Retype all the records with nothing changed.

==============================

(* Let $(b,c)$ be a connected canonically compactifiable weighted graph over $X$ and fix $o\in X$. Then $$\widetilde D_o=\{u\in\widetilde D:\ \hat u|_{\partial X}=0\}.$$
   Context: Let $X$ be a countably infinite set. A weighted graph $(b,c)$ over $X$ consists of a symmetric $b:X\times X\to[0,\infty)$ with $b(x,x)=0$ and $\sum_{y}b(x,y)<\infty$ for all $x$, and $c:X\to[0,\infty)$; connected means any two distinct vertices are joined by a finite path of pairwise distinct vertices with consecutive ones satisfying $b>0$. Let $\widetilde Q(f)=\frac12\sum_{x,y}b(x,y)|f(x)-f(y)|^2+\sum_x c(x)|f(x)|^2$, $\widetilde D=\{f:X\to\mathbb C:\widetilde Q(f)<\infty\}$, and for fixed $o\in X$, $\|f\|_o=(\widetilde Q(f)+|f(o)|^2)^{1/2}$ on $\widetilde D$. Let $C_c(X)$ be the finitely supported functions and $\widetilde D_o$ the closure of $C_c(X)$ in $\widetilde D$ with respect to $\|\cdot\|_o$. The graph is canonically compactifiable if $\widetilde D\subseteq\ell^\infty(X)$. In that case let $\mathcal A$ be the sup-norm closure of $\widetilde D$ in $\ell^\infty(X)$, $\mathcal A^+$ the smallest $C^*$-subalgebra of $\ell^\infty(X)$ containing $\mathcal A$ and $1$, $K$ the set of characters (nonzero multiplicative linear functionals) of $\mathcal A^+$ with the weak-$*$ topology (a compact Hausdorff space), and for $g\in\mathcal A^+$ let $\hat g:K\to\mathbb C$, $\hat g(\gamma)=\gamma(g)$. The map $x\mapsto\delta_x$, $\delta_x(f)=f(x)$, embeds $X$ into $K$; identifying $X$ with its image, set $\partial X=K\setminus X$. *)

theory Defs
  imports "HOL-Analysis.Analysis"
begin

definition weighted_graph :: "('x \<Rightarrow> 'x \<Rightarrow> real) \<Rightarrow> ('x \<Rightarrow> real) \<Rightarrow> bool" where
  "weighted_graph b c \<longleftrightarrow>
     (\<forall>x y. b x y \<ge> 0) \<and> (\<forall>x y. b x y = b y x) \<and> (\<forall>x. b x x = 0) \<and>
     (\<forall>x. (\<lambda>y. b x y) summable_on UNIV) \<and> (\<forall>x. c x \<ge> 0)"

definition graph_connected :: "('x \<Rightarrow> 'x \<Rightarrow> real) \<Rightarrow> bool" where
  "graph_connected b \<longleftrightarrow>
     (\<forall>x y. x \<noteq> y \<longrightarrow> (\<exists>p. p \<noteq> [] \<and> hd p = x \<and> last p = y \<and> distinct p \<and>
        (\<forall>i. Suc i < length p \<longrightarrow> b (p ! i) (p ! Suc i) > 0)))"

definition in_Dt :: "('x \<Rightarrow> 'x \<Rightarrow> real) \<Rightarrow> ('x \<Rightarrow> real) \<Rightarrow> ('x \<Rightarrow> complex) \<Rightarrow> bool" where
  "in_Dt b c f \<longleftrightarrow>
     (\<lambda>(x,y). b x y * (cmod (f x - f y))\<^sup>2) summable_on UNIV \<and>
     (\<lambda>x. c x * (cmod (f x))\<^sup>2) summable_on UNIV"

definition Dt :: "('x \<Rightarrow> 'x \<Rightarrow> real) \<Rightarrow> ('x \<Rightarrow> real) \<Rightarrow> ('x \<Rightarrow> complex) set" where
  "Dt b c = {f. in_Dt b c f}"

definition Qt :: "('x \<Rightarrow> 'x \<Rightarrow> real) \<Rightarrow> ('x \<Rightarrow> real) \<Rightarrow> ('x \<Rightarrow> complex) \<Rightarrow> real" where
  "Qt b c f = (1/2) * (\<Sum>\<^sub>\<infinity>(x,y). b x y * (cmod (f x - f y))\<^sup>2) + (\<Sum>\<^sub>\<infinity>x. c x * (cmod (f x))\<^sup>2)"

definition norm_o :: "('x \<Rightarrow> 'x \<Rightarrow> real) \<Rightarrow> ('x \<Rightarrow> real) \<Rightarrow> 'x \<Rightarrow> ('x \<Rightarrow> complex) \<Rightarrow> real" where
  "norm_o b c v0 f = sqrt (Qt b c f + (cmod (f v0))\<^sup>2)"

definition Cc :: "('x \<Rightarrow> complex) set" where
  "Cc = {f. finite {x. f x \<noteq> 0}}"

(* closure of C_c(X) in Dt w.r.t. the norm \<parallel>.\<parallel>_o *)
definition Dt_o :: "('x \<Rightarrow> 'x \<Rightarrow> real) \<Rightarrow> ('x \<Rightarrow> real) \<Rightarrow> 'x \<Rightarrow> ('x \<Rightarrow> complex) set" where
  "Dt_o b c v0 = {f \<in> Dt b c. \<forall>e>0. \<exists>g\<in>Cc. norm_o b c v0 (\<lambda>x. f x - g x) < e}"

definition canonically_compactifiable :: "('x \<Rightarrow> 'x \<Rightarrow> real) \<Rightarrow> ('x \<Rightarrow> real) \<Rightarrow> bool" where
  "canonically_compactifiable b c \<longleftrightarrow> (\<forall>f\<in>Dt b c. bounded (range f))"

(* sup-norm closure of Dt inside l^\<infinity>(X) *)
definition Aalg :: "('x \<Rightarrow> 'x \<Rightarrow> real) \<Rightarrow> ('x \<Rightarrow> real) \<Rightarrow> ('x \<Rightarrow> complex) set" where
  "Aalg b c = {f. bounded (range f) \<and> (\<forall>e>0. \<exists>g\<in>Dt b c. \<forall>x. cmod (f x - g x) \<le> e)}"

definition cstar_subalgebra :: "('x \<Rightarrow> complex) set \<Rightarrow> bool" where
  "cstar_subalgebra S \<longleftrightarrow>
     (\<forall>f\<in>S. bounded (range f)) \<and> (\<lambda>_. 0) \<in> S \<and>
     (\<forall>f\<in>S. \<forall>g\<in>S. (\<lambda>x. f x + g x) \<in> S) \<and>
     (\<forall>a. \<forall>f\<in>S. (\<lambda>x. a * f x) \<in> S) \<and>
     (\<forall>f\<in>S. \<forall>g\<in>S. (\<lambda>x. f x * g x) \<in> S) \<and>
     (\<forall>f\<in>S. (\<lambda>x. cnj (f x)) \<in> S) \<and>
     (\<forall>f. bounded (range f) \<and> (\<forall>e>0. \<exists>g\<in>S. \<forall>x. cmod (f x - g x) \<le> e) \<longrightarrow> f \<in> S)"

definition Aplus :: "('x \<Rightarrow> 'x \<Rightarrow> real) \<Rightarrow> ('x \<Rightarrow> real) \<Rightarrow> ('x \<Rightarrow> complex) set" where
  "Aplus b c = \<Inter>{S. cstar_subalgebra S \<and> Aalg b c \<subseteq> S \<and> (\<lambda>_. 1) \<in> S}"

==============================

Problem solution:
(* Let $(b,c)$ be a connected canonically compactifiable weighted graph over $X$ and fix $o\in X$. Then $$\widetilde D_o=\{u\in\widetilde D:\ \hat u|_{\partial X}=0\}.$$
   Context: Let $X$ be a countably infinite set. A weighted graph $(b,c)$ over $X$ consists of a symmetric $b:X\times X\to[0,\infty)$ with $b(x,x)=0$ and $\sum_{y}b(x,y)<\infty$ for all $x$, and $c:X\to[0,\infty)$; connected means any two distinct vertices are joined by a finite path of pairwise distinct vertices with consecutive ones satisfying $b>0$. Let $\widetilde Q(f)=\frac12\sum_{x,y}b(x,y)|f(x)-f(y)|^2+\sum_x c(x)|f(x)|^2$, $\widetilde D=\{f:X\to\mathbb C:\widetilde Q(f)<\infty\}$, and for fixed $o\in X$, $\|f\|_o=(\widetilde Q(f)+|f(o)|^2)^{1/2}$ on $\widetilde D$. Let $C_c(X)$ be the finitely supported functions and $\widetilde D_o$ the closure of $C_c(X)$ in $\widetilde D$ with respect to $\|\cdot\|_o$. The graph is canonically compactifiable if $\widetilde D\subseteq\ell^\infty(X)$. In that case let $\mathcal A$ be the sup-norm closure of $\widetilde D$ in $\ell^\infty(X)$, $\mathcal A^+$ the smallest $C^*$-subalgebra of $\ell^\infty(X)$ containing $\mathcal A$ and $1$, $K$ the set of characters (nonzero multiplicative linear functionals) of $\mathcal A^+$ with the weak-$*$ topology (a compact Hausdorff space), and for $g\in\mathcal A^+$ let $\hat g:K\to\mathbb C$, $\hat g(\gamma)=\gamma(g)$. The map $x\mapsto\delta_x$, $\delta_x(f)=f(x)$, embeds $X$ into $K$; identifying $X$ with its image, set $\partial X=K\setminus X$. *)

theory Defs
  imports "HOL-Analysis.Analysis"
begin

definition weighted_graph :: "('x \<Rightarrow> 'x \<Rightarrow> real) \<Rightarrow> ('x \<Rightarrow> real) \<Rightarrow> bool" where
  "weighted_graph b c \<longleftrightarrow>
     (\<forall>x y. b x y \<ge> 0) \<and> (\<forall>x y. b x y = b y x) \<and> (\<forall>x. b x x = 0) \<and>
     (\<forall>x. (\<lambda>y. b x y) summable_on UNIV) \<and> (\<forall>x. c x \<ge> 0)"

definition graph_connected :: "('x \<Rightarrow> 'x \<Rightarrow> real) \<Rightarrow> bool" where
  "graph_connected b \<longleftrightarrow>
     (\<forall>x y. x \<noteq> y \<longrightarrow> (\<exists>p. p \<noteq> [] \<and> hd p = x \<and> last p = y \<and> distinct p \<and>
        (\<forall>i. Suc i < length p \<longrightarrow> b (p ! i) (p ! Suc i) > 0)))"

definition in_Dt :: "('x \<Rightarrow> 'x \<Rightarrow> real) \<Rightarrow> ('x \<Rightarrow> real) \<Rightarrow> ('x \<Rightarrow> complex) \<Rightarrow> bool" where
  "in_Dt b c f \<longleftrightarrow>
     (\<lambda>(x,y). b x y * (cmod (f x - f y))\<^sup>2) summable_on UNIV \<and>
     (\<lambda>x. c x * (cmod (f x))\<^sup>2) summable_on UNIV"

definition Dt :: "('x \<Rightarrow> 'x \<Rightarrow> real) \<Rightarrow> ('x \<Rightarrow> real) \<Rightarrow> ('x \<Rightarrow> complex) set" where
  "Dt b c = {f. in_Dt b c f}"

definition Qt :: "('x \<Rightarrow> 'x \<Rightarrow> real) \<Rightarrow> ('x \<Rightarrow> real) \<Rightarrow> ('x \<Rightarrow> complex) \<Rightarrow> real" where
  "Qt b c f = (1/2) * (\<Sum>\<^sub>\<infinity>(x,y). b x y * (cmod (f x - f y))\<^sup>2) + (\<Sum>\<^sub>\<infinity>x. c x * (cmod (f x))\<^sup>2)"

definition norm_o :: "('x \<Rightarrow> 'x \<Rightarrow> real) \<Rightarrow> ('x \<Rightarrow> real) \<Rightarrow> 'x \<Rightarrow> ('x \<Rightarrow> complex) \<Rightarrow> real" where
  "norm_o b c v0 f = sqrt (Qt b c f + (cmod (f v0))\<^sup>2)"

definition Cc :: "('x \<Rightarrow> complex) set" where
  "Cc = {f. finite {x. f x \<noteq> 0}}"

(* closure of C_c(X) in Dt w.r.t. the norm \<parallel>.\<parallel>_o *)
definition Dt_o :: "('x \<Rightarrow> 'x \<Rightarrow> real) \<Rightarrow> ('x \<Rightarrow> real) \<Rightarrow> 'x \<Rightarrow> ('x \<Rightarrow> complex) set" where
  "Dt_o b c v0 = {f \<in> Dt b c. \<forall>e>0. \<exists>g\<in>Cc. norm_o b c v0 (\<lambda>x. f x - g x) < e}"

definition canonically_compactifiable :: "('x \<Rightarrow> 'x \<Rightarrow> real) \<Rightarrow> ('x \<Rightarrow> real) \<Rightarrow> bool" where
  "canonically_compactifiable b c \<longleftrightarrow> (\<forall>f\<in>Dt b c. bounded (range f))"

(* sup-norm closure of Dt inside l^\<infinity>(X) *)
definition Aalg :: "('x \<Rightarrow> 'x \<Rightarrow> real) \<Rightarrow> ('x \<Rightarrow> real) \<Rightarrow> ('x \<Rightarrow> complex) set" where
  "Aalg b c = {f. bounded (range f) \<and> (\<forall>e>0. \<exists>g\<in>Dt b c. \<forall>x. cmod (f x - g x) \<le> e)}"

definition cstar_subalgebra :: "('x \<Rightarrow> complex) set \<Rightarrow> bool" where
  "cstar_subalgebra S \<longleftrightarrow>
     (\<forall>f\<in>S. bounded (range f)) \<and> (\<lambda>_. 0) \<in> S \<and>
     (\<forall>f\<in>S. \<forall>g\<in>S. (\<lambda>x. f x + g x) \<in> S) \<and>
     (\<forall>a. \<forall>f\<in>S. (\<lambda>x. a * f x) \<in> S) \<and>
     (\<forall>f\<in>S. \<forall>g\<in>S. (\<lambda>x. f x * g x) \<in> S) \<and>
     (\<forall>f\<in>S. (\<lambda>x. cnj (f x)) \<in> S) \<and>
     (\<forall>f. bounded (range f) \<and> (\<forall>e>0. \<exists>g\<in>S. \<forall>x. cmod (f x - g x) \<le> e) \<longrightarrow> f \<in> S)"

definition Aplus :: "('x \<Rightarrow> 'x \<Rightarrow> real) \<Rightarrow> ('x \<Rightarrow> real) \<Rightarrow> ('x \<Rightarrow> complex) set" where
  "Aplus b c = \<Inter>{S. cstar_subalgebra S \<and> Aalg b c \<subseteq> S \<and> (\<lambda>_. 1) \<in> S}"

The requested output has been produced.